For the Lord gives wisdom;
    from his mouth come knowledge and understanding.
He holds success in store for the upright,
    he is a shield to those whose walk is blameless,
for he guards the course of the just
    and protects the way of his faithful ones.
Then you will understand what is right and just and fair—every good path.
For wisdom will enter your heart,
    and knowledge will be pleasant to your soul.
Discretion will protect you,
    and understanding will guard you.

Wednesday, August 20, 2014

Reading, Writing, and Peacocks....and more links to some neat stuff.

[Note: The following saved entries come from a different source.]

lemma hermitian_iff_conj_transpose: "hermitian A \<longleftrightarrow> conj_transpose A = A"
  unfolding hermitian_def conj_transpose_def vec_eq_iff by (simp only: vec_lambda_beta) metis

lemma conj_transpose_mult: "conj_transpose (A ** B) = conj_transpose B ** conj_transpose A"
  unfolding conj_transpose_def matrix_matrix_mult_def vec_eq_iff
  by (simp add: mult.commute)

lemma is_orth_projector_onto_mult:
  assumes "is_orth_projector_onto P S" "is_orth_projector_onto Q S"
  shows "P ** Q = Q"
proof -
  have "(P ** Q) *v y = Q *v y" for y
  proof -
    obtain z where z: "Q *v y = P *v z"
      using assms unfolding is_orth_projector_onto_def by (metis rangeE rangeI)
    have "(P ** Q) *v y = (P ** P) *v z"
      by (simp add: z flip: matrix_vector_mul_assoc)
    then show ?thesis
      using assms(1) z unfolding is_orth_projector_onto_def by simp
  qed
  then show ?thesis
    by (rule matrix_eq[THEN iffD2, rule_format])
qed

lemma is_orth_projector_onto_unique:
  assumes P: "is_orth_projector_onto P S" and Q: "is_orth_projector_onto Q S"
  shows "P = Q"
proof -
  have "conj_transpose P = P" "conj_transpose Q = Q"
    using P Q unfolding is_orth_projector_onto_def hermitian_iff_conj_transpose by auto
  then have "P = conj_transpose (Q ** P)"
    using is_orth_projector_onto_mult[OF Q P] by simp
  also have "\<dots> = P ** Q"
    by (simp add: conj_transpose_mult \<open>conj_transpose P = P\<close> \<open>conj_transpose Q = Q\<close>)
  also have "\<dots> = Q"
    using is_orth_projector_onto_mult[OF P Q] .
  finally show ?thesis .
qed

lemma orth_projector_eqI: "is_orth_projector_onto P S \<Longrightarrow> orth_projector S = P"
  unfolding orth_projector_def by (blast intro: is_orth_projector_onto_unique)

lemma power2_norm_vec: "(norm (x :: 'a::real_inner^'n))\<^sup>2 = (\<Sum>i\<in>UNIV. (norm (x $ i))\<^sup>2)"
  by (simp add: power2_norm_eq_inner inner_vec_def)

lemma sum_mult_cnj_self: "(\<Sum>j\<in>UNIV. x $ j * cnj (x $ j)) = (complex_of_real (norm x))\<^sup>2"
  by (simp add: power2_norm_vec complex_norm_square flip: of_real_power)

definition line_projector :: "complex^'d \<Rightarrow> complex^'d^'d" where
  "line_projector x = (\<chi> i j. x $ i * cnj (x $ j) / complex_of_real ((norm x)\<^sup>2))"

lemma line_projector_mult_vec:
  "line_projector x *v y = ((\<Sum>j\<in>UNIV. cnj (x $ j) * y $ j) / complex_of_real ((norm x)\<^sup>2)) *s x"
  unfolding line_projector_def matrix_vector_mult_def vec_eq_iff
  by (auto simp: sum_distrib_right sum_divide_distrib intro!: sum.cong)
(* Let $F:\mathbb{R}^k_+\to\mathbb{R}^k_+$ satisfy $\sup_{x\in\mathbb{R}^k_+}\|F(x)\|<\infty$. Let $M_0\in\{\{0\},\ \partial\mathbb{R}^k_+\}$ be absorbing for the nonlinear Poisson process $\{X^\varepsilon_t\}$ associated with $F$. Assume $F_i(x)>0$ for all $i$ and all $x\in\mathbb{R}^k_+\setminus M_0$. Then, for each $\varepsilon>0$, the process has at least one quasi-stationary distribution supported on $\varepsilon\mathbb{Z}^k_+\setminus M_0$. That is, there is a probability measure $\mu_\varepsilon$ on $\varepsilon\mathbb{Z}^k_+\setminus M_0$ and $\lambda_\varepsilon\in(0,1)$ with $\sum_{x}\mu_\varepsilon(x)p^\varepsilon(x,\Gamma)=\lambda_\varepsilon\mu_\varepsilon(\Gamma)$ for all $\Gamma\subset\varepsilon\mathbb{Z}^k_+\setminus M_0$.
   Context: Let $\mathbb{R}^k_+=\{x\in\mathbb{R}^k:x_i\ge0\}$ and $\partial\mathbb{R}^k_+=\{x\in\mathbb{R}^k_+:\prod_ix_i=0\}$. For $y\in\mathbb{R}^k_+$, let $Z_1(y),Z_2(y),\dots$ be i.i.d. random vectors with independent components, the $i$-th component being Poisson distributed with mean $y_i$. Given $\varepsilon>0$ and $X^\varepsilon_0\in\varepsilon\mathbb{Z}^k_+$, the nonlinear Poisson process associated with $F$ is the Markov chain on $\varepsilon\mathbb{Z}^k_+$ defined by $X^\varepsilon_{t+1}=\varepsilon Z_{t+1}(F(X^\varepsilon_t)/\varepsilon)$ (independent Poisson draws at each step). Its transition kernel is $p^\varepsilon$. A set $M_0$ is absorbing if $p^\varepsilon(x,M_0)=1$ for $x\in M_0$. *)

theory Defs
  imports "HOL-Analysis.Analysis" "HOL-Probability.Probability"
begin

definition pois :: "real \<Rightarrow> nat pmf" where
  "pois m = (if m \<le> 0 then return_pmf 0 else poisson_pmf m)"

definition orthant :: "(real^'k) set" where
  "orthant = {x. \<forall>i. 0 \<le> x $ i}"

definition orthant_boundary :: "(real^'k) set" where
  "orthant_boundary = {x \<in> orthant. (\<Prod>i\<in>UNIV. x $ i) = 0}"

definition lattice :: "real \<Rightarrow> (real^'k) set" where
  "lattice eps = {x. \<exists>z::'k \<Rightarrow> nat. x = (\<chi> i. eps * real (z i))}"

definition npp_kernel :: "real \<Rightarrow> (real^'k \<Rightarrow> real^'k) \<Rightarrow> real^'k \<Rightarrow> (real^'k) pmf" where
  "npp_kernel eps F x =
     map_pmf (\<lambda>z. \<chi> i. eps * real (z i)) (Pi_pmf UNIV 0 (\<lambda>i. pois ((F x $ i) / eps)))"

end

theory Submission
  imports Defs
begin
(* Let $\lambda\in\mathbb C$ be such that the generalized Verma module $M^+_\lambda$ is irreducible, with generating vector $v_\lambda$. Let $\mathcal V$ be a $U\mathfrak g$-module and $w\in\mathcal V$. Then there is at most one element $z\in M^+_\lambda\check\otimes\mathcal V$ which is $U\mathfrak g$-invariant (i.e. $x\cdot z=0$ for all $x\in\mathfrak g$, with $\mathfrak g$ acting via the coproduct) and satisfies $z\in v_\lambda\otimes w+(U\mathfrak n_-)_{<0}\cdot v_\lambda\check\otimes\mathcal V$.
   Context: $\mathfrak g=\bigoplus_{i\in\mathbb Z}\mathfrak g_i$ is a $\mathbb Z$-graded complex Lie algebra with finite-dimensional components; $\mathfrak n_+=\bigoplus_{i>0}\mathfrak g_i$, $\mathfrak n_-=\bigoplus_{i<0}\mathfrak g_i$, $\mathfrak p_+=\mathfrak g_0\oplus\mathfrak n_+$. $\chi:\mathfrak g_0\to\mathbb C$ is a nonsingular character (Lie algebra homomorphism such that $(u,v)\mapsto\chi([u,v]_0)$ is a nondegenerate pairing $\mathfrak n_+\times\mathfrak n_-\to\mathbb C$, $x_0$ being the $\mathfrak g_0$-component). For $\lambda\in\mathbb C$, $\chi_\lambda=\lambda\chi$ is made a $\mathfrak p_+$-module by letting $\mathfrak n_+$ act by zero, and $M^+_\lambda=U\mathfrak g\otimes_{U\mathfrak p_+}\chi_\lambda$ is the generalized Verma module with generating vector $v_\lambda=1\otimes1$; $M^+_\lambda$ is a free $U\mathfrak n_-$-module on $v_\lambda$ and is graded by $(M^+_\lambda)_{-n}=(U\mathfrak n_-)_{-n}v_\lambda$. For a $\mathbb Z$-graded $U\mathfrak g$-module $M$ and any $U\mathfrak g$-module $V$, the completed tensor product is $M\check\otimes V=\prod_i M_i\otimes V$ (formal infinite sums of homogeneous components), with $U\mathfrak g$ acting via the coproduct $\Delta(x)=x\otimes1+1\otimes x$, $x\in\mathfrak g$. *)

theory Defs
  imports Complex_Main
begin

definition lie_algebra :: "(complex \<Rightarrow> 'g \<Rightarrow> 'g) \<Rightarrow> ('g \<Rightarrow> 'g \<Rightarrow> 'g::ab_group_add) \<Rightarrow> bool" where
  "lie_algebra sg br \<longleftrightarrow>
     vector_space sg \<and>
     (\<forall>x y z. br (x + y) z = br x z + br y z) \<and>
     (\<forall>x y z. br x (y + z) = br x y + br x z) \<and>
     (\<forall>c x y. br (sg c x) y = sg c (br x y)) \<and>
     (\<forall>c x y. br x (sg c y) = sg c (br x y)) \<and>
     (\<forall>x. br x x = 0) \<and>
     (\<forall>x y z. br x (br y z) + br y (br z x) + br z (br x y) = 0)"

definition graded_lie_algebra ::
  "(complex \<Rightarrow> 'g \<Rightarrow> 'g) \<Rightarrow> ('g \<Rightarrow> 'g \<Rightarrow> 'g::ab_group_add) \<Rightarrow> (int \<Rightarrow> 'g set) \<Rightarrow> bool" where
  "graded_lie_algebra sg br G \<longleftrightarrow>
     lie_algebra sg br \<and>
     (\<forall>i. module.subspace sg (G i)) \<and>
     (\<forall>i. \<exists>B. finite B \<and> G i \<subseteq> module.span sg B) \<and>
     (\<forall>i j x y. x \<in> G i \<longrightarrow> y \<in> G j \<longrightarrow> br x y \<in> G (i + j)) \<and>
     (\<forall>x. \<exists>!f. finite {i. f i \<noteq> 0} \<and> (\<forall>i. f i \<in> G i) \<and> x = (\<Sum>i\<in>{i. f i \<noteq> 0}. f i))"

definition gpr :: "(int \<Rightarrow> 'g set) \<Rightarrow> int \<Rightarrow> 'g \<Rightarrow> 'g::ab_group_add" where
  "gpr G i x = (THE f. finite {i. f i \<noteq> 0} \<and> (\<forall>i. f i \<in> G i) \<and> x = (\<Sum>i\<in>{i. f i \<noteq> 0}. f i)) i"

definition nplus :: "(int \<Rightarrow> 'g set) \<Rightarrow> 'g::ab_group_add set" where
  "nplus G = {x. \<forall>i\<le>0. gpr G i x = 0}"

definition nminus :: "(int \<Rightarrow> 'g set) \<Rightarrow> 'g::ab_group_add set" where
  "nminus G = {x. \<forall>i\<ge>0. gpr G i x = 0}"

definition pplus :: "(int \<Rightarrow> 'g set) \<Rightarrow> 'g::ab_group_add set" where
  "pplus G = {x. \<forall>i<0. gpr G i x = 0}"

text \<open>Only the values of chi on G 0 matter.\<close>

definition nonsingular_character ::
  "(complex \<Rightarrow> 'g \<Rightarrow> 'g) \<Rightarrow> ('g \<Rightarrow> 'g \<Rightarrow> 'g::ab_group_add) \<Rightarrow> (int \<Rightarrow> 'g set) \<Rightarrow> ('g \<Rightarrow> complex) \<Rightarrow> bool" where
  "nonsingular_character sg br G chi \<longleftrightarrow>
     (\<forall>x\<in>G 0. \<forall>y\<in>G 0. chi (x + y) = chi x + chi y) \<and>
     (\<forall>c. \<forall>x\<in>G 0. chi (sg c x) = c * chi x) \<and>
     (\<forall>x\<in>G 0. \<forall>y\<in>G 0. chi (br x y) = 0) \<and>
     (\<forall>u\<in>nplus G. u \<noteq> 0 \<longrightarrow> (\<exists>v\<in>nminus G. chi (gpr G 0 (br u v)) \<noteq> 0)) \<and>
     (\<forall>v\<in>nminus G. v \<noteq> 0 \<longrightarrow> (\<exists>u\<in>nplus G. chi (gpr G 0 (br u v)) \<noteq> 0))"
lemma coin_space_extensions_off:
  assumes "\<eta> \<le> 1" "W \<in> Sigma_len d m" "1 \<le> m + n"
  defines "E \<equiv> {\<omega> \<in> space (coin_space d \<eta>). \<forall>v\<in>Sigma_len d n. \<not> \<omega> (W @ v)}"
  shows "E \<in> sets (coin_space d \<eta>)"
    and "measure (coin_space d \<eta>) E
           = (1 - 2 powr (- (real d * (1 - \<eta>) * real (m + n)))) ^ 2 ^ (d * n)"
proof -
  let ?J = "(\<lambda>v. W @ v) ` Sigma_len d n"
  have J_words: "?J \<subseteq> Sigma_len d (m + n)"
    using append_in_Sigma_len[OF assms(2)] by auto
  with assms(3) have "?J \<subseteq> Sigma_star d"
    unfolding Sigma_star_def by auto
  note all_off = coin_space_all_off[OF assms(1) finite_imageI[OF finite_Sigma_len] this]
  have E_eq: "E = {\<omega> \<in> space (coin_space d \<eta>). \<forall>w\<in>?J. \<not> \<omega> w}"
    unfolding E_def by auto
  show "E \<in> sets (coin_space d \<eta>)"
    unfolding E_eq by (rule all_off(1))
  have "measure (coin_space d \<eta>) E = (\<Prod>w\<in>?J. 1 - 2 powr (- (real d * (1 - \<eta>) * real (m + n))))"
    unfolding E_eq all_off(2) using J_words
    by (intro prod.cong) (auto simp: keep_prob_def Sigma_len_def)
  also have "\<dots> = (1 - 2 powr (- (real d * (1 - \<eta>) * real (m + n)))) ^ card ?J"
    by simp
  also have "card ?J = 2 ^ (d * n)"
    by (simp add: card_image inj_on_def card_Sigma_len)
  finally show "measure (coin_space d \<eta>) E
      = (1 - 2 powr (- (real d * (1 - \<eta>) * real (m + n)))) ^ 2 ^ (d * n)" .
qed

lemma coin_space_some_extensions_off:
  fixes d :: nat
  assumes "\<eta> \<le> 1" "1 \<le> m + n"
  defines "A \<equiv> {\<omega> \<in> space (coin_space d \<eta>). \<exists>W\<in>Sigma_len d m. \<forall>v\<in>Sigma_len d n. \<not> \<omega> (W @ v)}"
  shows "A \<in> sets (coin_space d \<eta>)"
    and "measure (coin_space d \<eta>) A
           \<le> 2 ^ (d * m) * (1 - 2 powr (- (real d * (1 - \<eta>) * real (m + n)))) ^ 2 ^ (d * n)"
proof -
  have A_eq: "A = (\<Union>W\<in>Sigma_len d m.
      {\<omega> \<in> space (coin_space d \<eta>). \<forall>v\<in>Sigma_len d n. \<not> \<omega> (W @ v)})"
    unfolding A_def by auto
  note off = coin_space_extensions_off[OF assms(1) _ assms(2)]
  show "A \<in> sets (coin_space d \<eta>)"
    unfolding A_eq using off(1) finite_Sigma_len by auto
  have "measure (coin_space d \<eta>) A \<le> (\<Sum>W\<in>Sigma_len d m.
      measure (coin_space d \<eta>) {\<omega> \<in> space (coin_space d \<eta>). \<forall>v\<in>Sigma_len d n. \<not> \<omega> (W @ v)})"
    unfolding A_eq using off(1) finite_Sigma_len by (intro measure_UNION_le) auto
  also have "\<dots> = 2 ^ (d * m) * (1 - 2 powr (- (real d * (1 - \<eta>) * real (m + n)))) ^ 2 ^ (d * n)"
    using off(2) by (simp add: card_Sigma_len)
  finally show "measure (coin_space d \<eta>) A
      \<le> 2 ^ (d * m) * (1 - 2 powr (- (real d * (1 - \<eta>) * real (m + n)))) ^ 2 ^ (d * n)" .
qed

lemma one_minus_power_le_exp: "0 \<le> p \<Longrightarrow> p \<le> 1 \<Longrightarrow> (1 - p) ^ n \<le> exp (- p * real n)"
  for p :: real
  using power_mono[OF exp_ge_add_one_self[of "- p"], of n]
  by (simp add: exp_of_nat_mult[symmetric] mult.commute)

lemma expected_kept_extensions_ge_square:
  fixes \<eta> :: real
  assumes "1 \<le> d" "m \<le> j"
    and slack: "real m + 2 * log 2 (real j + 1) \<le> \<eta> * real j"
  shows "(real j + 1) ^ 2 \<le> 2 powr (- (real d * (1 - \<eta>) * real j)) * 2 ^ (d * (j - m))"
proof -
  have gap: "2 * log 2 (real j + 1) \<le> \<eta> * real j - real m"
    using slack by simp
  have "2 * log 2 (real j + 1) = log 2 ((real j + 1) ^ 2)"
    by (simp add: log_nat_power)
  then have "(real j + 1) ^ 2 = 2 powr (2 * log 2 (real j + 1))"
    by simp
  also have "\<dots> \<le> 2 powr (real d * (\<eta> * real j - real m))"
  proof (intro powr_mono)
    have "0 \<le> 2 * log 2 (real j + 1)"
      by simp
    with gap have "0 \<le> \<eta> * real j - real m"
      by linarith
    with gap assms(1) show "2 * log 2 (real j + 1) \<le> real d * (\<eta> * real j - real m)"
      using mult_right_mono[of 1 "real d" "\<eta> * real j - real m"] by simp
  qed simp
  also have "\<dots> = 2 powr (- (real d * (1 - \<eta>) * real j)) * 2 ^ (d * (j - m))"
    using assms(2) by (simp add: powr_add[symmetric] powr_realpow[symmetric] algebra_simps)
  finally show ?thesis .
qed

lemma extension_failure_bound:
  fixes \<eta> :: real
  assumes "\<eta> \<le> 1" "1 \<le> d" "d \<le> j"
    and slack: "real m + 2 * log 2 (real j + 1) \<le> \<eta> * real j"
  shows "m \<le> j"
    and "2 ^ (d * m) * (1 - 2 powr (- (real d * (1 - \<eta>) * real j))) ^ 2 ^ (d * (j - m))
           \<le> exp (- 1) ^ j"
proof -
  define p where "p = 2 powr (- (real d * (1 - \<eta>) * real j))"
  have "0 \<le> log 2 (real j + 1)"
    by simp
  moreover have "\<eta> * real j \<le> 1 * real j"
    using assms(1) by (intro mult_right_mono) auto
  ultimately show m_le: "m \<le> j"
    using slack by linarith
  have p_le_1: "p \<le> 1"
    unfolding p_def using keep_prob_le_1[OF assms(1), of d "replicate j []"]
    by (simp add: keep_prob_def)
  have "(1 - p) ^ 2 ^ (d * (j - m)) \<le> exp (- p * 2 ^ (d * (j - m)))"
    using one_minus_power_le_exp[OF _ p_le_1, of "2 ^ (d * (j - m))"] by (simp add: p_def)
  also have "\<dots> \<le> exp (- ((real j + 1) ^ 2))"
    using expected_kept_extensions_ge_square[OF assms(2) m_le slack] by (simp add: p_def)
  finally have miss: "(1 - p) ^ 2 ^ (d * (j - m)) \<le> exp (- ((real j + 1) ^ 2))" .
  have "(2::real) ^ (d * m) \<le> exp 1 ^ (d * j)"
    using m_le exp_ge_add_one_self[of 1]
    by (intro order.trans[OF power_increasing power_mono]) auto
  also have "\<dots> = exp (real d * real j)"
    by (simp add: exp_of_nat_mult[symmetric])
  finally have count: "(2::real) ^ (d * m) \<le> exp (real d * real j)" .
  have "2 ^ (d * m) * (1 - p) ^ 2 ^ (d * (j - m)) \<le> exp (real d * real j) * exp (- ((real j + 1) ^ 2))"
    using count miss p_le_1 by (intro mult_mono) auto
  also have "\<dots> \<le> exp (- real j)"
    using mult_right_mono[of "real d" "real j" "real j"] assms(3)
    by (simp add: exp_add[symmetric] power2_eq_square algebra_simps)
  also have "\<dots> = exp (- 1) ^ j"
    by (simp add: exp_of_nat_mult[symmetric])
  finally show "2 ^ (d * m) * (1 - 2 powr (- (real d * (1 - \<eta>) * real j))) ^ 2 ^ (d * (j - m))
      \<le> exp (- 1) ^ j"
    unfolding p_def .
qed

lemma eventually_extension_failure_le:
  fixes \<epsilon> :: "nat \<Rightarrow> real"
  assumes "\<eta> \<le> 1" "1 \<le> d" "0 < \<eta>" "\<epsilon> \<longlonglongrightarrow> 0"
    and slack: "\<forall>\<^sub>F j in sequentially. 2 * log 2 (real j + 1) \<le> real j * \<epsilon> j"
  defines "m \<equiv> \<lambda>j. nat \<lfloor>real j * (\<eta> - \<epsilon> j)\<rfloor>"
  shows "\<forall>\<^sub>F j in sequentially. m j \<le> j \<and>
    2 ^ (d * m j) * (1 - 2 powr (- (real d * (1 - \<eta>) * real j))) ^ 2 ^ (d * (j - m j)) \<le> exp (- 1) ^ j"
  using order_tendstoD(2)[OF assms(4,3)] slack eventually_ge_at_top[of d]
proof eventually_elim
  case (elim j)
  then have "real (m j) \<le> real j * (\<eta> - \<epsilon> j)"
    unfolding m_def by simp
  with elim have "real (m j) + 2 * log 2 (real j + 1) \<le> \<eta> * real j"
    by (simp add: algebra_simps)
  with elim assms(1,2) show ?case
    using extension_failure_bound[of \<eta> d j "m j"] by simp
qed
lemma minimal_obstruction_low_vertex:
  assumes mo: "minimal_obstruction (path_graph n) G" and deg: "max_degree_le_two G"
    and "S \<subset> verts G" "S \<noteq> {}"
  shows "\<exists>u\<in>S. at_most_one_neighbour G S u"
proof -
  obtain \<phi> where \<phi>: "path_colouring n G S \<phi>"
    using minimal_obstruction_path_graphD(3)[OF mo \<open>S \<subset> verts G\<close>]
    by (auto simp: path_colourable_def)
  have "finite S"
    using minimal_obstruction_path_graphD(1)[OF mo] \<open>S \<subset> verts G\<close>
    by (auto simp: wf_graph_def intro: finite_subset)
  moreover have "Max (\<phi> ` S) \<in> \<phi> ` S"
    using \<open>finite S\<close> \<open>S \<noteq> {}\<close> by simp
  then obtain u where u: "u \<in> S" "\<phi> u = Max (\<phi> ` S)"
    by (metis imageE)
  ultimately have u_max: "\<phi> w \<le> \<phi> u" if "w \<in> S" for w
    using that by simp
  show ?thesis
  proof (cases "at_most_one_neighbour G S u")
    case False
    then obtain p q where pq: "p \<in> S" "q \<in> S" "adj G u p" "adj G u q" "p \<noteq> q"
      by (auto simp: at_most_one_neighbour_def)
    \<comment> \<open>both neighbours of a vertex of maximal colour get the colour below it\<close>
    have "\<phi> u = Suc (\<phi> p)" "\<phi> u = Suc (\<phi> q)"
      using path_colouring_adj[OF \<phi> u(1) pq(1)] path_colouring_adj[OF \<phi> u(1) pq(2)]
        pq(3,4) u_max[OF pq(1)] u_max[OF pq(2)] by auto
    then have "\<phi> p = \<phi> q" by simp
    have "at_most_one_neighbour G S p"
      unfolding at_most_one_neighbour_def
    proof (intro ballI impI, rule ccontr)
      fix y z assume yz: "y \<in> S" "z \<in> S" "adj G p y" "adj G p z" "y \<noteq> z"
      obtain r where "r \<in> {y, z}" "r \<noteq> u"
        using yz(5) by blast
      then have r: "r \<in> S" "adj G p r" "r \<noteq> u"
        using yz(1-4) by auto
      then have "adj G q r"
        using path_colouring_same_colour[OF \<phi> pq(1,2) r(1) \<open>\<phi> p = \<phi> q\<close>] by (simp add: adj_sym)
      then have "adj G t u \<longleftrightarrow> adj G t r" for t
        using max_degree_le_two_common_neighbours[OF deg pq(3,4) _ _ pq(5)] r(2) by (simp add: adj_sym)
      then show False
        using minimal_obstruction_no_twins[OF mo, of u r] r u(1) \<open>S \<subset> verts G\<close> by blast
    qed
    then show ?thesis using pq(1) by blast
  qed (use u(1) in blast)
qed

definition path_edges :: "'a list \<Rightarrow> 'a set set" where
  "path_edges p = {{p ! i, p ! Suc i} | i. Suc i < length p}"

definition path_partition :: "'a graph \<Rightarrow> 'a set \<Rightarrow> 'a list list \<Rightarrow> bool" where
  "path_partition G T ps \<longleftrightarrow> distinct (concat ps) \<and> set (concat ps) = T \<and> (\<forall>p\<in>set ps. p \<noteq> []) \<and>
     {e \<in> edges G. e \<subseteq> T} = (\<Union>p\<in>set ps. path_edges p)"

lemma path_edges_Cons:
  assumes "p \<noteq> []" shows "path_edges (u # p) = insert {u, hd p} (path_edges p)"
proof (intro set_eqI iffI)
  fix e assume "e \<in> path_edges (u # p)"
  then obtain i where i: "e = {(u # p) ! i, (u # p) ! Suc i}" "Suc i < Suc (length p)"
    by (auto simp: path_edges_def)
  then show "e \<in> insert {u, hd p} (path_edges p)"
    using \<open>p \<noteq> []\<close> by (cases i) (auto simp: hd_conv_nth path_edges_def)
next
  fix e assume "e \<in> insert {u, hd p} (path_edges p)"
  then consider "e = {u, hd p}" | j where "e = {p ! j, p ! Suc j}" "Suc j < length p"
    by (auto simp: path_edges_def)
  then show "e \<in> path_edges (u # p)"
  proof cases
    case 1
    then show ?thesis using \<open>p \<noteq> []\<close>
      unfolding path_edges_def by (intro CollectI exI[of _ 0]) (simp add: hd_conv_nth)
  next
    case 2
    then show ?thesis
      unfolding path_edges_def by (intro CollectI exI[of _ "Suc j"]) simp
  qed
qed
lemma mcl_translate_component:
  assumes \<psi>: "Vector_Spaces.linear sc (*) \<psi>"
  shows "((\<lambda>(k, l). w ^ k * cnj w ^ l / (fact k * fact l) *
            \<psi> ((DL ^^ k) ((DR ^^ l) (Pc (fst g - real k, snd g - real l) u)))) has_sum
          \<psi> (mcl [u] [w] g)) UNIV"
proof -
  obtain p q where g: "g = (p, q)" by fastforce
  have "in_cpl Pc ((extL DL ^^ k) ((extR DR ^^ l) (mcl [u] [0])))" for k l
    unfolding mcl_identity
    by (intro in_cpl_funpow[of _ "extL DL"] in_cpl_funpow[of _ "extR DR"] in_cpl_extL in_cpl_extR
        DL_weight DR_weight in_cpl_emb)
  with mcl_translation[OF rdual_proj_comp[OF graded_closed \<psi>, of g], of w u] show ?thesis
    by (simp add: pair_proj_comp[OF graded_closed \<psi>] mcl_in_completion mcl_identity
        extL_funpow extR_funpow emb_def g)
qed

lemma m_translate_component:
  assumes "0 \<le> s" and \<psi>: "Vector_Spaces.linear so (*) \<psi>"
  shows "((\<lambda>k. of_real (s ^ k / fact k) * \<psi> ((D ^^ k) (Po (n - real k) v))) has_sum
          \<psi> (m [] [v] [] [s] n)) UNIV"
proof -
  have "in_cpl Po ((extO D ^^ k) (m [] [v] [] [0]))" for k
    unfolding m_identity by (intro in_cpl_funpow[of _ "extO D"] in_cpl_extO D_weight in_cpl_emb)
  with m_translation[of "[]" "[]" s "\<lambda>x. \<psi> (Po n x)" v] assms show ?thesis
    by (simp add: rdual_proj_comp[OF graded_open \<psi>] pair_proj_comp[OF graded_open \<psi>]
        m_in_completion m_identity extO_funpow emb_def)
qed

Today I finished getting the kids' independent reading lists ready and printed off, as well as completed the first 20 lessons of our grammar curriculum, which is really a combination of resources (Basically, I copy, paste, organize, and clean it up appearance-wise).  Had a computer buzz afterward, so I took a walk for a while to clear my head.  

Here's how we're doing our reading this year, the literature portion of it.  We will be reading a large number of books together.  Each child also has a list of required reading by genre.  They are to choose a certain number of books in each genre from the selections listed, but I also left blanks for them to choose from anything in the library.  I have book review forms I found online for each book they complete. Before you think that this sounds really stilted and gross, hold on.....the review forms are very basic and really are just to give them a simple opportunity to reflect, something like this: Scroll down a ways to find the book review form.

The next part is what I am excited about.  We are integrating our literature and writing in the form of a monthly magazine we each get to contribute to.  In it, we will include information in a variety of formats, from articles to lists to illustrations to puzzles and games.  My goal for this is to give the kids (and myself) a platform for processing and synthesizing and reflecting on what we read in a variety of forms and perspectives.  However, my goal is for this to be more than just literature-based, but something that encompasses our field trips and interests and activities as a family as well, even recipes.
There's the educational jargon I need, to focus on why we're doing this.  The plain spoken truth of the matter is that it's way more fun to publish your own magazine than to write a book report every week.  It's way more interesting to actually report on trying out an idea from a nonfiction book you've read than to summarize what someone else did.  I don't think you ever outgrow the fun of seeing something you write or something about yourself in Times New Roman, Courier, or Verdana up on the screen or coming out of the printer.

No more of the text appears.